The Myth of the Laptop Deploy
CI/CD pipelines are the engine of modern software delivery. They let us check in, test, and deploy code quickly and reliably. Terraform code should be treated just like application code: put it in version control, lint it, test it, and deploy it automatically.
Running terraform apply
from a laptop is fine when you’re learning, but it’s not a viable strategy for a team managing production environments. It creates a single point of failure (what happens when that person is on vacation?) and leaves no audit trail. Terraform has features like remote state and state locking that are specifically designed for teams and automation. Use them.
Flying Blind Without Policy and Tests
Policy-as-code engines like Open Policy Agent (OPA) or HashiCorp’s Sentinel can act as guardrails. They can automatically prevent someone from deploying an S3 bucket that’s open to the world or an IAM role with overly permissive access.
Without these checks, you’re left relying on manual reviews, which are slow, error-prone, and simply don’t scale. Policies provide the safety net that allows teams to move quickly and autonomously without compromising on security or standards.
The Slow Decay of Operational Neglect
These failures aren’t unique to infrastructure; they plague all kinds of software projects. Organizations have a habit of forgetting about the “soft” work, like documentation and routine maintenance, once a project is live.
Forgetting to Build a Knowledge Base
Teams often don’t invest the time to build a solid foundation of knowledge. Things like documentation, architecture diagrams, and Architectural Decision Records (ADRs) are essential for a project’s long-term health.

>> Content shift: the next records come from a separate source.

lemma pderiv_var_uminus: "pderiv_var v (- F) = - pderiv_var v F"
  by (metis add.left_inverse eq_neg_iff_add_eq_0 pderiv_var_0 pderiv_var_add)

lemma pderiv_var_diff: "pderiv_var v (F - G) = pderiv_var v F - pderiv_var v G"
  by (simp only: diff_conv_add_uminus pderiv_var_add pderiv_var_uminus)

lemma pderiv_var_mult_single:
  "pderiv_var v (single m1 c1 * single m2 c2)
     = pderiv_var v (single m1 c1) * single m2 c2 + single m1 c1 * pderiv_var v (single m2 c2)"
proof -
  have shift: "1 \<le> lookup m v \<Longrightarrow> m - var_exp v + m' = m + m' - var_exp v"
    and shift': "1 \<le> lookup m v \<Longrightarrow> m' + (m - var_exp v) = m' + m - var_exp v" for m m'
    by (rule poly_mapping_eqI, simp add: lookup_add lookup_minus lookup_var_exp)+
  have "single (m1 + m2 - var_exp v) (of_nat (lookup m1 v) * (c1 * c2))
        = single (m1 - var_exp v + m2) (of_nat (lookup m1 v) * c1 * c2)"
    by (cases "lookup m1 v = 0") (simp_all add: shift mult.assoc)
  moreover have "single (m1 + m2 - var_exp v) (of_nat (lookup m2 v) * (c1 * c2))
        = single (m1 + (m2 - var_exp v)) (c1 * (of_nat (lookup m2 v) * c2))"
    by (cases "lookup m2 v = 0") (simp_all add: shift' mult.left_commute)
  ultimately show ?thesis
    by (simp add: pderiv_var_single mult_single lookup_add distrib_right single_add)
qed

lemma pderiv_var_mult:
  "pderiv_var v ((F::'k::comm_ring_1 bipoly) * G) = pderiv_var v F * G + F * pderiv_var v G"
proof (induction F rule: poly_mapping_induct)
  case (single m c)
  show ?case
    by (induction G rule: poly_mapping_induct)
      (simp_all add: pderiv_var_mult_single distrib_left distrib_right pderiv_var_add)
qed (simp_all add: distrib_right pderiv_var_add)

lemma lookup_pderiv_var:
  "lookup (pderiv_var v (F::'k::comm_ring_1 bipoly)) n = of_nat (lookup n v + 1) * lookup F (n + var_exp v)"
proof (induction F rule: poly_mapping_induct)
  case (single m c)
  show ?case
  proof (cases "lookup m v = 0")
    case True
    then have "n + var_exp v \<noteq> m" by (auto simp: poly_mapping_eq_iff fun_eq_iff lookup_add lookup_var_exp)
    then show ?thesis using True by (simp add: pderiv_var_single lookup_single when_def)
  next
    case False
    then have "n + var_exp v = m \<Longrightarrow> (of_nat (lookup m v) :: 'k) = of_nat (lookup n v + 1)"
      by (auto simp: lookup_add lookup_var_exp)
    then show ?thesis using minus_var_exp_eq_iff[of m v n] False
      by (auto simp: pderiv_var_single lookup_single when_def simp del: of_nat_add)
  qed
qed (simp_all add: pderiv_var_add lookup_add distrib_left)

The pain from this neglect might not be felt right away. The first generation of engineers on the project has all the context in their heads. But what happens a year or two later when those people have moved on? Without a written record of why certain decisions were made, the project’s continuity is at risk. New engineers will be tempted to start from scratch rather than trying to understand the existing system, leading to the “now you have two problems” situation all over again.

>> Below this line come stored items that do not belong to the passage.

(* Let $\beta>1$, fix $\epsilon>0$ with $p_c-2\epsilon>0$, and let $n$ be such that $\log_2 n$, $k=n(p_c-2\epsilon)$ and $n(p_c-\epsilon)$ are integers. Set $w=l-\log_2 n$. Consider the following random code. Draw $\mathbf{G}$ uniformly from $\mathbb{F}_{2^w}^{k\times n}$. Let $\mathbf{U}_1,\dots,\mathbf{U}_N$, with $N=2^{kw}$, be the elements of $\mathbb{F}_{2^w}^k$, and for each $i$ set $\mathbf{V}_i=\mathbf{G}^{\mathrm T}\mathbf{U}_i$. Form $\mathbf{X}_i\in\mathbb{F}_2^{n\times l}$ by taking, for each $r\in[n]$, its $r$-th row to be the binary expansion of $(\mathbf{V}_i)_r$ followed by the address $\alpha(r)$. Decode $\mathbf{Z}$ as follows. If there is a unique $i\in[N]$ with $|\mathbf{X}_i\cap\mathbf{Z}|\ge n(p_c-\epsilon)$, output $\widehat{\mathbf{U}}=\mathbf{U}_i$; otherwise declare failure. Then, when $\mathbf{X}_1$ is transmitted over the outer channel, the error probability, averaged over $\mathbf{G}$ and the channel, satisfies $$\mathbb{P}(\widehat{\mathbf{U}}\ne\mathbf{U}_1)\le e^{-2n\epsilon^2}+2^{\,n-n\epsilon w}=e^{-2n\epsilon^2}+2^{\,n-n\epsilon(\beta-1)\log_2 n},$$ which tends to $0$ as $n\to\infty$.
   Context: The outer channel takes as input a binary matrix $\mathbf{X}\in\mathbb{F}_2^{n\times l}$ with rows $\mathbf{x}_1,\dots,\mathbf{x}_n$ and acts in two stages. Channel-1 acts independently on each row and outputs $\mathbf{y}_i$, where - $\mathbf{y}_i=\mathbf{x}_i$ with probability $p_c$; - $\mathbf{y}_i=?$ (an erased row) with probability $p_e$; - $\mathbf{y}_i=\mathbf{e}$ with probability $p_s/(2^l-1)$ for each $\mathbf{e}\in\mathbb{F}_2^l\setminus\{\mathbf{x}_i\}$. Here $p_c+p_e+p_s=1$. Channel-2 takes the $n$-row matrix $\mathbf{Y}$ (erased rows kept as "?") and outputs $\mathbf{Z}$, a uniformly random permutation of its rows (each of the $n!$ permutations has probability $1/n!$). We set $\beta=l/\log_2 n$. The map $\alpha:[n]\to\mathbb{F}_2^{\log_2 n}$ is a fixed bijection (the address map). $\mathbf{X}\cap\mathbf{Z}$ denotes the intersection of the sets of non-erased row vectors of $\mathbf{X}$ and of $\mathbf{Z}$. *)

theory Defs
  imports "HOL-Analysis.Analysis" "HOL-Combinatorics.Permutations"
begin

definition msgs :: "nat \<Rightarrow> (nat \<Rightarrow> 'f) set" where
  "msgs k = {..<k} \<rightarrow>\<^sub>E (UNIV :: 'f set)"

definition genmats :: "nat \<Rightarrow> nat \<Rightarrow> (nat \<times> nat \<Rightarrow> 'f) set" where
  "genmats k n = ({..<k} \<times> {..<n}) \<rightarrow>\<^sub>E (UNIV :: 'f set)"

definition codeword ::
  "nat \<Rightarrow> ('f::field \<Rightarrow> bool list) \<Rightarrow> (nat \<Rightarrow> bool list) \<Rightarrow> (nat \<times> nat \<Rightarrow> 'f)
    \<Rightarrow> (nat \<Rightarrow> 'f) \<Rightarrow> nat \<Rightarrow> bool list" where
  "codeword k bexp \<alpha> G u r = bexp (\<Sum>j<k. G (j, r) * u j) @ \<alpha> r"

definition rowset :: "(nat \<Rightarrow> bool list) \<Rightarrow> nat \<Rightarrow> bool list set" where
  "rowset X n = X ` {..<n}"

text \<open>Set of non-erased rows of a channel output (None = erased row '?').\<close>
definition nonerased :: "bool list option list \<Rightarrow> bool list set" where
  "nonerased Z = {y. Some y \<in> set Z}"

definition outputs :: "nat \<Rightarrow> nat \<Rightarrow> bool list option list set" where
  "outputs l n = {Y. length Y = n \<and> (\<forall>y\<in>set Y. y = None \<or> (\<exists>e. y = Some e \<and> length e = l))}"

definition row_trans :: "nat \<Rightarrow> real \<Rightarrow> real \<Rightarrow> real \<Rightarrow> bool list \<Rightarrow> bool list option \<Rightarrow> real" where
  "row_trans l pc pe ps x y = (case y of None \<Rightarrow> pe
      | Some e \<Rightarrow> if e = x then pc else if length e = l then ps / (2 ^ l - 1) else 0)"

definition channel1 :: "nat \<Rightarrow> nat \<Rightarrow> real \<Rightarrow> real \<Rightarrow> real \<Rightarrow> (nat \<Rightarrow> bool list)
    \<Rightarrow> bool list option list \<Rightarrow> real" where
  "channel1 l n pc pe ps X Y = (\<Prod>r<n. row_trans l pc pe ps (X r) (Y ! r))"

definition permute_rows :: "nat \<Rightarrow> (nat \<Rightarrow> nat) \<Rightarrow> 'a list \<Rightarrow> 'a list" where
  "permute_rows n \<sigma> Y = map (\<lambda>j. Y ! \<sigma> j) [0..<n]"

definition decode :: "nat \<Rightarrow> nat \<Rightarrow> nat \<Rightarrow> ('f::field \<Rightarrow> bool list) \<Rightarrow> (nat \<Rightarrow> bool list)
    \<Rightarrow> (nat \<times> nat \<Rightarrow> 'f) \<Rightarrow> bool list option list \<Rightarrow> (nat \<Rightarrow> 'f) option" where
  "decode k n t bexp \<alpha> G Z =
     (if \<exists>!u. u \<in> msgs k \<and> t \<le> card (rowset (codeword k bexp \<alpha> G u) n \<inter> nonerased Z)
      then Some (THE u. u \<in> msgs k \<and> t \<le> card (rowset (codeword k bexp \<alpha> G u) n \<inter> nonerased Z))
      else None)"

end

theory Submission
  imports Defs "HOL-Probability.Hoeffding" "HOL-Real_Asymp.Real_Asymp"
begin

text \<open>
  The decoder can only fail if fewer than
  t = n(p_c - \<epsilon>) rows of X_1 arrive intact, or if some other codeword X_u shares at least t rows
  with the output. The number of intact rows is Binomial(n, p_c), so Hoeffding's inequality bounds
  the first event by exp(-2n\<epsilon>^2). For the second, the addresses make the rows of X_u distinct, and
  the probability that output row r lies in X_u depends on G only through the r-th entry of
  G^T(u - u_1). Since u \<noteq> u_1 these entries are independent and uniform on F_(2^w) as G varies, and
  averaged over such an entry the probability is (p_c + p_s)/2^w \<le> 2^-w. A union bound over the
  at most 2^n sets of t rows and the 2^(wk) messages u gives 2^(n - w(t - k)) = 2^(n - n\<epsilon>w).
\<close>

lemma sum_lists_length_prod:
  fixes f :: "nat \<Rightarrow> 'a \<Rightarrow> 'b::comm_semiring_1"
  assumes "finite R"
  shows "(\<Sum>Y | length Y = n \<and> set Y \<subseteq> R. \<Prod>r<n. f r (Y ! r)) = (\<Prod>r<n. \<Sum>y\<in>R. f r y)"
proof (induction n arbitrary: f)
  case 0
  have "{Y. length Y = 0 \<and> set Y \<subseteq> R} = {[]}" by auto
  then show ?case by simp
next
  case (Suc n)
  let ?L = "{Y. length Y = n \<and> set Y \<subseteq> R}"
  have lists_Suc: "{Y. length Y = Suc n \<and> set Y \<subseteq> R} = (\<lambda>(y, Y). y # Y) ` (R \<times> ?L)"
    by (auto simp: length_Suc_conv)
  have "inj_on (\<lambda>(y, Y). y # Y) (R \<times> ?L)" by (auto simp: inj_on_def)
  then have "(\<Sum>Y | length Y = Suc n \<and> set Y \<subseteq> R. \<Prod>r<Suc n. f r (Y ! r))
      = (\<Sum>p\<in>R \<times> ?L. \<Prod>r<Suc n. f r ((fst p # snd p) ! r))"
    unfolding lists_Suc by (subst sum.reindex) (simp_all add: case_prod_beta)
  also have "\<dots> = (\<Sum>y\<in>R. \<Sum>Y\<in>?L. f 0 y * (\<Prod>r<n. f (Suc r) (Y ! r)))"
    by (simp only: prod.lessThan_Suc_shift nth_Cons_0 nth_Cons_Suc)
       (simp add: sum.cartesian_product case_prod_beta)
  also have "\<dots> = (\<Sum>y\<in>R. f 0 y) * (\<Sum>Y\<in>?L. \<Prod>r<n. f (Suc r) (Y ! r))"
    by (simp add: sum_product)
  also have "\<dots> = (\<Sum>y\<in>R. f 0 y) * (\<Prod>r<n. \<Sum>y\<in>R. f (Suc r) y)"
    using Suc.IH[of "\<lambda>r. f (Suc r)"] by simp
  finally show ?case by (simp only: prod.lessThan_Suc_shift)
qed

Chasing the “New” and Ignoring the Debt
Once a project ships, it’s often forgotten. All the attention and rewards go to the next shiny new thing. No engineer wants to get stuck maintaining old projects.
Over time, this culture leads to a massive accumulation of technical debt. For Terraform, which can have multiple releases with breaking changes each year, this means older configurations become brittle and locked into outdated versions.
The fix for this is cultural. If the only thing that gets rewarded is shipping new features, you’ll end up with a graveyard of unmaintained projects. A healthy engineering culture celebrates craftsmanship and maintenance just as much as it celebrates a greenfield launch.
Getting It Right Is More Than a Technical Problem
Avoiding these pitfalls isn’t just about writing better code. It’s about fostering an engineering culture that values pragmatic design, collaboration, and long-term maintenance. It means embracing Terraform’s ecosystem instead of trying to build everything from scratch.
Organizations that commit to this approach will end up with more than just high-performing infrastructure. They’ll build more empowered and effective engineering teams.